From the listing below, copy only the lines running from the line that contains "ncpoly) \<in> ncpolys" to the line that contains "e = Abs_ncpoly", both included.
|---|
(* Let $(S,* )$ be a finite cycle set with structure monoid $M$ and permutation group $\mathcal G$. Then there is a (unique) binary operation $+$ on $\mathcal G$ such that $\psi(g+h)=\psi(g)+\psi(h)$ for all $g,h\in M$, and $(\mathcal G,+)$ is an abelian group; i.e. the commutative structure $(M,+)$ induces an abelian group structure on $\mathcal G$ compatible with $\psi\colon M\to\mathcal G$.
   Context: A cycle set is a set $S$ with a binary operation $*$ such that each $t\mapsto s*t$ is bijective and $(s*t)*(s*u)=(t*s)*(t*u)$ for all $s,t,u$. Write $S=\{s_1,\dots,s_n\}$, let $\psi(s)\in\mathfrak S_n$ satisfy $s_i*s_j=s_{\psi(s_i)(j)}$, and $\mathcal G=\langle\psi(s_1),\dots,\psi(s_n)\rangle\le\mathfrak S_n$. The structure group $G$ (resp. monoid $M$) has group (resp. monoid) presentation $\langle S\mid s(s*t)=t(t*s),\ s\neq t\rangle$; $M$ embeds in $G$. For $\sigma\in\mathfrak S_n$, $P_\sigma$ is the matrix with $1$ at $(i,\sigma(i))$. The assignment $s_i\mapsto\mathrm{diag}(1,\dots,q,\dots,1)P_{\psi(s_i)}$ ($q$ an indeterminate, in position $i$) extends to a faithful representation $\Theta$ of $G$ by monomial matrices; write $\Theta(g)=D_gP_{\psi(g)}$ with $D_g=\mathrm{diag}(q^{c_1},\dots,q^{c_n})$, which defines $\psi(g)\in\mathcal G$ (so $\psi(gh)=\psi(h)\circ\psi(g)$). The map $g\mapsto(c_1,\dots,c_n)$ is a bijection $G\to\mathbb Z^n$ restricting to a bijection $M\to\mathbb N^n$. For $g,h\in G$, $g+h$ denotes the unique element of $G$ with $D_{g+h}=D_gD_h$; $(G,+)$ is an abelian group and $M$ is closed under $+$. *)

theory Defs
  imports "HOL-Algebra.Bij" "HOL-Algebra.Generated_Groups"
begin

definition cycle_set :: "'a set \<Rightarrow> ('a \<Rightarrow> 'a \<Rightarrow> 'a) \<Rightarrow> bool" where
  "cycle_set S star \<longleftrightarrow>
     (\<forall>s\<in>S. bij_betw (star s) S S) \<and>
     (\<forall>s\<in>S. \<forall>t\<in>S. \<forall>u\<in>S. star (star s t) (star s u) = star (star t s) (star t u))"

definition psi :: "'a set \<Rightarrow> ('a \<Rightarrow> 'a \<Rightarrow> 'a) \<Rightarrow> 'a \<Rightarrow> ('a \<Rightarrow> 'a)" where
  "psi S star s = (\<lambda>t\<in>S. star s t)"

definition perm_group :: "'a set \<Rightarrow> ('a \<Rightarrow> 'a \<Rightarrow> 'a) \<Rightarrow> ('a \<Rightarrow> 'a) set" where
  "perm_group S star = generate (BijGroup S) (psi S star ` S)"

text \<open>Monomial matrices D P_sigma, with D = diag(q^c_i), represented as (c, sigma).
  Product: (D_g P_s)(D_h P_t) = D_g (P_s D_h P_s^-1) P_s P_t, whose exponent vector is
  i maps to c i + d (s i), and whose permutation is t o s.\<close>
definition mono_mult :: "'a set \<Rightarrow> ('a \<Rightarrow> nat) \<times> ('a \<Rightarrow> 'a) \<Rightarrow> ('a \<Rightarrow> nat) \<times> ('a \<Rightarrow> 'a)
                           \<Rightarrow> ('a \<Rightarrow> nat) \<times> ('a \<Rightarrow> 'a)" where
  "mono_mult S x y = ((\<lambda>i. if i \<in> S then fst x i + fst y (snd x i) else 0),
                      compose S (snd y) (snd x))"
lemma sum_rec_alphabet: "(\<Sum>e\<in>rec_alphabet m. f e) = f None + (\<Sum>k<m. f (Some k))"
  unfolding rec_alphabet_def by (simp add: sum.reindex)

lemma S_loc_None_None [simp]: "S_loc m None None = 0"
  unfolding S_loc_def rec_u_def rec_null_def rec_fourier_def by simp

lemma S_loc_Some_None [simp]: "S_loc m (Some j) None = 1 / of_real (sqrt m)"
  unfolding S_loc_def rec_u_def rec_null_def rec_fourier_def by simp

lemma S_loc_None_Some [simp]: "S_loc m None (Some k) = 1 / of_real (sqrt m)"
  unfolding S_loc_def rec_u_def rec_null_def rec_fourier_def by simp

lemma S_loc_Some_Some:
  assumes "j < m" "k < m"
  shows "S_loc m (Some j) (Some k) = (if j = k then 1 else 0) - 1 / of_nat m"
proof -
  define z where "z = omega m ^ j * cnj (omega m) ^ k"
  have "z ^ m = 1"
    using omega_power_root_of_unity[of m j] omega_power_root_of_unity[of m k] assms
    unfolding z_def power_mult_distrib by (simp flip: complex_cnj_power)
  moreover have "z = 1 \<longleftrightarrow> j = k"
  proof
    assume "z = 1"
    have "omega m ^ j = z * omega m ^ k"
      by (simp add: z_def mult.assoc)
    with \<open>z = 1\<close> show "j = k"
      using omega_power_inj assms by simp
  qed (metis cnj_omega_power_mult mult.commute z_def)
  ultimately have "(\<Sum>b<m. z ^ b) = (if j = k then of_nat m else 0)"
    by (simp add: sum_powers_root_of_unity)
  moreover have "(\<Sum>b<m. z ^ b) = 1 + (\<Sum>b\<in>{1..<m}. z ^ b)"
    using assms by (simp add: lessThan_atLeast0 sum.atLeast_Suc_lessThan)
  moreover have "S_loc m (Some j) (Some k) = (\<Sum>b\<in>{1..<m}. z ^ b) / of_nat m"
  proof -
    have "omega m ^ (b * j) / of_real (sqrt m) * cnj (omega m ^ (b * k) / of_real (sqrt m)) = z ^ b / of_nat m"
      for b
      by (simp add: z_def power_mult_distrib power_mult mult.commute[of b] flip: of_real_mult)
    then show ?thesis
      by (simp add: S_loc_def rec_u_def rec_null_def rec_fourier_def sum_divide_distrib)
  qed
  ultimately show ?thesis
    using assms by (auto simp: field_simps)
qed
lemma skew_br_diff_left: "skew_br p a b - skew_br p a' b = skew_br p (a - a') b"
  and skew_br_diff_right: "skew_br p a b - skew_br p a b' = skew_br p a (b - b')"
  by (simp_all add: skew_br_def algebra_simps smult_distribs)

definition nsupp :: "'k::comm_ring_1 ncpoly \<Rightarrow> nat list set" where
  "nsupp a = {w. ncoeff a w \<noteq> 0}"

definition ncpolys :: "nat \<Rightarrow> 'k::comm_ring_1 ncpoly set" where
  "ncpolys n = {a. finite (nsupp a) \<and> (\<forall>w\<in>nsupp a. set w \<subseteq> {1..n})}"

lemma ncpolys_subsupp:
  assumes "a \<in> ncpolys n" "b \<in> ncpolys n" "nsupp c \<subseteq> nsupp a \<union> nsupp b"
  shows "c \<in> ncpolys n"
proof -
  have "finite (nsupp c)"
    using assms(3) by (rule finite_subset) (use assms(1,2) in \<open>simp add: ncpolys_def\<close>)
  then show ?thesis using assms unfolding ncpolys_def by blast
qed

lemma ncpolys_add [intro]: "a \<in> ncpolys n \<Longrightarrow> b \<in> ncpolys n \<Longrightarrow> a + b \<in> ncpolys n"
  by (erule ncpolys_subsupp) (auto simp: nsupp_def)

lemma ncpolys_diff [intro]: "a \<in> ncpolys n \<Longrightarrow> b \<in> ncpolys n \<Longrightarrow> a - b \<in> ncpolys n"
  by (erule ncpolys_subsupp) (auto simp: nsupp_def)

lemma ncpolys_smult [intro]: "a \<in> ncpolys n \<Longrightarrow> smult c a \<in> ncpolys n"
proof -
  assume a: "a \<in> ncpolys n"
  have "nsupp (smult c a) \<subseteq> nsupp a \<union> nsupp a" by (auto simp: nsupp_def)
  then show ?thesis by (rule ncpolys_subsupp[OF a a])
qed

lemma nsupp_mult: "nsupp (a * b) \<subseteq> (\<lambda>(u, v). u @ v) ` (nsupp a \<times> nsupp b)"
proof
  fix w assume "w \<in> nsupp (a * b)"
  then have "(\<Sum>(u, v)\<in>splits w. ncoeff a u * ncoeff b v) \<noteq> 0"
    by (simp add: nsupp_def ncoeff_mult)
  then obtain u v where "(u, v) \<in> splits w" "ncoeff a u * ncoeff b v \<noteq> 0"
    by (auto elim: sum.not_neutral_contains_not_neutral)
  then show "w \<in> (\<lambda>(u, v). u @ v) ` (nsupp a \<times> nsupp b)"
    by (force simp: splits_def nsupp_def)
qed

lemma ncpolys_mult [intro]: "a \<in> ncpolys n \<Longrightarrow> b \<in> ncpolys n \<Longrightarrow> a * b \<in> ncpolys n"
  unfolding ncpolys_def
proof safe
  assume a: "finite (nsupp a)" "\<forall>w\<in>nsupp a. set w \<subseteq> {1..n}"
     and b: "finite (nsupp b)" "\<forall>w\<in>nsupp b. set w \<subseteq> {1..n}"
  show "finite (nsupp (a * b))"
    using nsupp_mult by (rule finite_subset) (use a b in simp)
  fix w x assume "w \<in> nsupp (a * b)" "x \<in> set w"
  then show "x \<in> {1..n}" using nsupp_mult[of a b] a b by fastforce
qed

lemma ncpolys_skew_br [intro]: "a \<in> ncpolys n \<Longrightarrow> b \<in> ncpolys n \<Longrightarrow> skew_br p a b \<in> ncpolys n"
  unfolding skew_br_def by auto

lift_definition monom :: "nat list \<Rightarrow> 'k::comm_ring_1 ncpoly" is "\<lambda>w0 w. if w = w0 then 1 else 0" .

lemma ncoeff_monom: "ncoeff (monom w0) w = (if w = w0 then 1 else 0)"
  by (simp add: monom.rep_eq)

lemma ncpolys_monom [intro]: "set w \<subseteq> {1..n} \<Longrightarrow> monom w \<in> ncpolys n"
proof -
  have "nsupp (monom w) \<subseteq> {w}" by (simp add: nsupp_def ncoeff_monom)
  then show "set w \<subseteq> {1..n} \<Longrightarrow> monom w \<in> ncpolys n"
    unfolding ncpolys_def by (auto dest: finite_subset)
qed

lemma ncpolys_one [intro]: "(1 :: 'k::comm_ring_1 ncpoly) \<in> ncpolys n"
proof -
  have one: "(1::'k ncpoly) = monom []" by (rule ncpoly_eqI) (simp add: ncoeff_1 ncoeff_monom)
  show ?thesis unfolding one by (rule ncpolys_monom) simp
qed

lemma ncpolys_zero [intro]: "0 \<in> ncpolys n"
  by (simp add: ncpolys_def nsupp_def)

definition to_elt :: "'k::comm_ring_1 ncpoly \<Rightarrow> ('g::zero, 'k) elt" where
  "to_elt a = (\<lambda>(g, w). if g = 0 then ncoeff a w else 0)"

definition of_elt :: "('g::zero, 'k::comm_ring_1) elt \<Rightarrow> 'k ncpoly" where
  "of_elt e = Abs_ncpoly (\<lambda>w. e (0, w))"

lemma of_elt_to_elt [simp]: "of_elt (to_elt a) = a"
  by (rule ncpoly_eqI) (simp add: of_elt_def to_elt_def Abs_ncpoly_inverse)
|---|
### Result of this task
lemma ncpolys_one [intro]: "(1 :: 'k::comm_ring_1 ncpoly) \<in> ncpolys n"
proof -
  have one: "(1::'k ncpoly) = monom []" by (rule ncpoly_eqI) (simp add: ncoeff_1 ncoeff_monom)
  show ?thesis unfolding one by (rule ncpolys_monom) simp
qed

lemma ncpolys_zero [intro]: "0 \<in> ncpolys n"
  by (simp add: ncpolys_def nsupp_def)

definition to_elt :: "'k::comm_ring_1 ncpoly \<Rightarrow> ('g::zero, 'k) elt" where
  "to_elt a = (\<lambda>(g, w). if g = 0 then ncoeff a w else 0)"

definition of_elt :: "('g::zero, 'k::comm_ring_1) elt \<Rightarrow> 'k ncpoly" where
  "of_elt e = Abs_ncpoly (\<lambda>w. e (0, w))"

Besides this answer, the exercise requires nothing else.